WHAT TO WORK ON >> Search the records for the word "type". Copy every line where it appears.

··········

(* Let $\kappa$ be a regular infinite cardinal, let $\eta > \kappa^{++}$ be an ordinal, and let $f = \langle \kappa_\xi : \xi < \eta\rangle$ be the cardinal sequence of some LCS space. Let $\alpha < \eta$ be an ordinal with $\mathrm{cf}(\alpha) > \kappa^+$ such that there is a strictly increasing sequence of ordinals $\langle \alpha_\xi : \xi < \mathrm{cf}(\alpha)\rangle$ converging to $\alpha$ with $\kappa_{\alpha_\xi} \le \kappa$ for every $\xi < \mathrm{cf}(\alpha)$. Then $\kappa_\alpha \le \kappa$.
   Context: An LCS space is a locally compact, Hausdorff, scattered topological space. For an LCS space $X$ and an ordinal $\alpha$, the $\alpha$-th Cantor–Bendixson level $I_\alpha(X)$ is the set of isolated points of $X \setminus \bigcup\{I_\beta(X) : \beta < \alpha\}$. The reduced height $\mathrm{ht}^-(X)$ is the least ordinal $\delta$ such that $I_\delta(X)$ is finite. The cardinal sequence of $X$ is $\mathrm{CS}(X) = \langle |I_\alpha(X)| : \alpha < \mathrm{ht}^-(X)\rangle$. A sequence $f$ of cardinals is "the cardinal sequence of some LCS space" if $f = \mathrm{CS}(X)$ for some LCS space $X$. *)

theory Defs
  imports "HOL-Analysis.Analysis"
begin

definition isolated_points_of :: "'a topology \<Rightarrow> 'a set \<Rightarrow> 'a set" where
  "isolated_points_of X S = {x \<in> S. \<exists>U. openin X U \<and> U \<inter> S = {x}}"

definition scattered_space :: "'a topology \<Rightarrow> bool" where
  "scattered_space X \<longleftrightarrow>
     (\<forall>S. S \<subseteq> topspace X \<and> S \<noteq> {} \<longrightarrow> isolated_points_of X S \<noteq> {})"

definition LCS_space :: "'a topology \<Rightarrow> bool" where
  "LCS_space X \<longleftrightarrow> locally_compact_space X \<and> Hausdorff_space X \<and> scattered_space X"

text \<open>Ordinals are represented as elements of an arbitrary well-ordered type 'o.
  The ordinal represented by eta is the order type of the initial segment below eta.\<close>

definition ord_seg :: "'o::wellorder \<Rightarrow> 'o rel" where
  "ord_seg \<eta> = {(x, y). x \<le> y \<and> x < \<eta> \<and> y < \<eta>}"

definition cofinal_seq :: "('o::wellorder \<Rightarrow> 'o) \<Rightarrow> 'o \<Rightarrow> 'o \<Rightarrow> bool" where
  "cofinal_seq g \<delta> \<alpha> \<longleftrightarrow>
     (\<forall>\<xi>. \<xi> < \<delta> \<longrightarrow> g \<xi> < \<alpha>) \<and>
     (\<forall>\<xi> \<zeta>. \<xi> < \<zeta> \<and> \<zeta> < \<delta> \<longrightarrow> g \<xi> < g \<zeta>) \<and>
     (\<forall>\<beta>. \<beta> < \<alpha> \<longrightarrow> (\<exists>\<xi>. \<xi> < \<delta> \<and> \<beta> \<le> g \<xi>))"

definition cof :: "'o::wellorder \<Rightarrow> 'o" where
  "cof \<alpha> = (LEAST \<delta>. \<exists>g. cofinal_seq g \<delta> \<alpha>)"

definition CB_level :: "'a topology \<Rightarrow> 'o::wellorder \<Rightarrow> 'a set" where
  "CB_level X = wfrec {(x, y). x < y}
     (\<lambda>F \<alpha>. isolated_points_of X (topspace X - \<Union> (F ` {\<beta>. \<beta> < \<alpha>})))"

lemma CB_level_eq:
  "CB_level X \<alpha> = isolated_points_of X (topspace X - \<Union> (CB_level X ` {\<beta>. \<beta> < \<alpha>}))"
proof -
  have wf: "wf {(x, y::'b::wellorder). x < y}"
    by (rule wellorder_class.wf)
  show ?thesis
    unfolding CB_level_def
    by (subst wfrec[OF wf]) (simp add: cut_def image_def)
qed

definition reduced_height_is :: "'a topology \<Rightarrow> 'o::wellorder \<Rightarrow> bool" where
  "reduced_height_is X \<eta> \<longleftrightarrow>
     finite (CB_level X \<eta>) \<and> (\<forall>\<xi>. \<xi> < \<eta> \<longrightarrow> infinite (CB_level X \<xi>))"

end

theory Submission
  imports Defs
begin

unbundle cardinal_syntax

text \<open>Suppose level \<open>\<alpha>\<close> had \<open>\<kappa>\<^sup>+\<close> points \<open>e \<zeta>\<close>. Around each choose a compact neighbourhood
  \<open>K \<zeta>\<close> meeting the derived set \<open>X\<^sup>(\<^sup>\<alpha>\<^sup>)\<close> only in \<open>e \<zeta>\<close>. For \<open>\<zeta> \<noteq> \<zeta>'\<close> the compact set
  \<open>K \<zeta> \<inter> K \<zeta>'\<close> misses \<open>X\<^sup>(\<^sup>\<alpha>\<^sup>)\<close>, so it is covered by one of the open sets
  \<open>\<Union>\<^sub>\<delta>\<^sub>\<le>\<^sub>\<gamma> I\<^sub>\<delta>\<close>, \<open>\<gamma> < \<alpha>\<close>, and misses every level \<open>g \<xi>\<close> for large \<open>\<xi>\<close>. Since \<open>cof \<alpha>\<close> is regular
  and exceeds \<open>\<kappa>\<^sup>+\<close>, one index \<open>s\<close> works for all pairs. Each neighbourhood of \<open>e \<zeta>\<close> meets
  level \<open>g s\<close>, so picking such points inside the \<open>K \<zeta>\<close> gives \<open>\<kappa>\<^sup>+\<close> distinct points of
  that level, contradicting \<open>|I\<^bsub>g s\<^esub>| \<le> \<kappa>\<close>.\<close>

section \<open>Ordinals as initial segments\<close>

lemma Field_ord_seg: "Field (ord_seg c) = {x. x < c}"
  unfolding ord_seg_def Field_def by auto

lemma Well_order_ord_seg: "Well_order (ord_seg c)"
proof -
  have "well_order_on {x. x < c} (ord_seg c)"
    unfolding well_order_on_def linear_order_on_def partial_order_on_def preorder_on_def
      refl_on_def trans_on_def antisym_on_def total_on_def ord_seg_def
  proof (intro conjI)
    show "wf ({(x, y). x \<le> y \<and> x < c \<and> y < c} - Id)"
      by (rule wf_subset[OF wf]) auto
  qed auto
  then show ?thesis by (simp add: Field_ord_seg)
qed

lemma Restr_ord_seg_underS: "a < c \<Longrightarrow> Restr (ord_seg c) (underS (ord_seg c) a) = ord_seg a"
  unfolding ord_seg_def underS_def by auto

lemma ordLess_ord_seg_obtain:
  assumes "Well_order r" and "r <o ord_seg c"
  obtains d where "d < c" and "(r, ord_seg d) \<in> ordIso"
proof -
  obtain d where "d \<in> Field (ord_seg c)" "(r, Restr (ord_seg c) (underS (ord_seg c) d)) \<in> ordIso"
    using assms ordLess_iff_ordIso_Restr[OF Well_order_ord_seg] by blast
  then show thesis
    using that Restr_ord_seg_underS[of d c] by (simp add: Field_ord_seg)
qed

lemma card_of_ord_seg_ordIso:
  assumes "Card_order r" and "(r, ord_seg d) \<in> ordIso"
  shows "(card_of {x. x < d}, r) \<in> ordIso"
proof -
  have "(card_of (Field (ord_seg d)), card_of (Field r)) \<in> ordIso"
    by (rule card_of_cong[OF ordIso_symmetric[OF assms(2)]])
  then have "(card_of {x. x < d}, card_of (Field r)) \<in> ordIso"
    by (simp only: Field_ord_seg)
  then show ?thesis
    using card_of_Field_ordIso[OF assms(1)] by (rule ordIso_transitive)
qed

lemma infinite_ord_seg:
  assumes "Cinfinite r" and "r \<le>o ord_seg c"
  shows "infinite {x. x < c}"
  using card_of_ordLeq_infinite[OF card_of_mono2[OF assms(2)]] assms(1)
  by (simp add: Field_ord_seg cinfinite_def)

section \<open>Cofinality\<close>

lemma cofinal_seq_mono:
  assumes "cofinal_seq g c \<alpha>" and "\<xi> \<le> \<xi>'" and "\<xi>' < c"
  shows "g \<xi> \<le> g \<xi>'"
  using assms unfolding cofinal_seq_def by (metis order_le_less)

lemma cof_le: "cofinal_seq g \<delta> \<alpha> \<Longrightarrow> cof \<alpha> \<le> \<delta>"
  unfolding cof_def by (rule Least_le[where P="\<lambda>\<delta>. \<exists>g. cofinal_seq g \<delta> \<alpha>", OF exI])

lemma cof_le_reindex:
  assumes g: "cofinal_seq g (cof \<alpha>) \<alpha>"
    and k_less: "\<forall>\<zeta><L. k \<zeta> < cof \<alpha>"
    and k_strict: "\<forall>\<zeta> \<zeta>'. \<zeta> < \<zeta>' \<and> \<zeta>' < L \<longrightarrow> k \<zeta> < k \<zeta>'"
    and k_cofinal: "\<forall>\<xi><cof \<alpha>. \<exists>\<zeta><L. \<xi> \<le> k \<zeta>"
  shows "cof \<alpha> \<le> L"
proof (rule cof_le)
  have g_less: "\<xi> < cof \<alpha> \<Longrightarrow> g \<xi> < \<alpha>"
    and g_strict: "\<xi> < \<xi>' \<Longrightarrow> \<xi>' < cof \<alpha> \<Longrightarrow> g \<xi> < g \<xi>'" for \<xi> \<xi>'
    using g unfolding cofinal_seq_def by blast+
  show "cofinal_seq (g \<circ> k) L \<alpha>"
    unfolding cofinal_seq_def
  proof (intro conjI allI impI)
    fix \<beta> assume "\<beta> < \<alpha>"
    then obtain \<xi> where "\<xi> < cof \<alpha>" "\<beta> \<le> g \<xi>"
      using g unfolding cofinal_seq_def by blast
    moreover obtain \<zeta> where "\<zeta> < L" "\<xi> \<le> k \<zeta>"
      using k_cofinal \<open>\<xi> < cof \<alpha>\<close> by blast
    moreover have "g \<xi> \<le> g (k \<zeta>)"
      using cofinal_seq_mono[OF g \<open>\<xi> \<le> k \<zeta>\<close>] k_less \<open>\<zeta> < L\<close> by blast
    ultimately show "\<exists>\<zeta><L. \<beta> \<le> (g \<circ> k) \<zeta>"
      using order.trans[of \<beta> "g \<xi>" "g (k \<zeta>)"] by auto
  next
    fix \<zeta> assume "\<zeta> < L"
    then show "(g \<circ> k) \<zeta> < \<alpha>" using g_less k_less by simp
  next
    fix \<zeta> \<zeta>' assume "\<zeta> < \<zeta>' \<and> \<zeta>' < L"
    then show "(g \<circ> k) \<zeta> < (g \<circ> k) \<zeta>'"
      using g_strict k_less k_strict by (metis comp_apply order.strict_trans)
  qed
qed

··········

RESULT FOR THIS EXERCISE >>
text \<open>Ordinals are represented as elements of an arbitrary well-ordered type 'o.
  The ordinal represented by eta is the order type of the initial segment below eta.\<close>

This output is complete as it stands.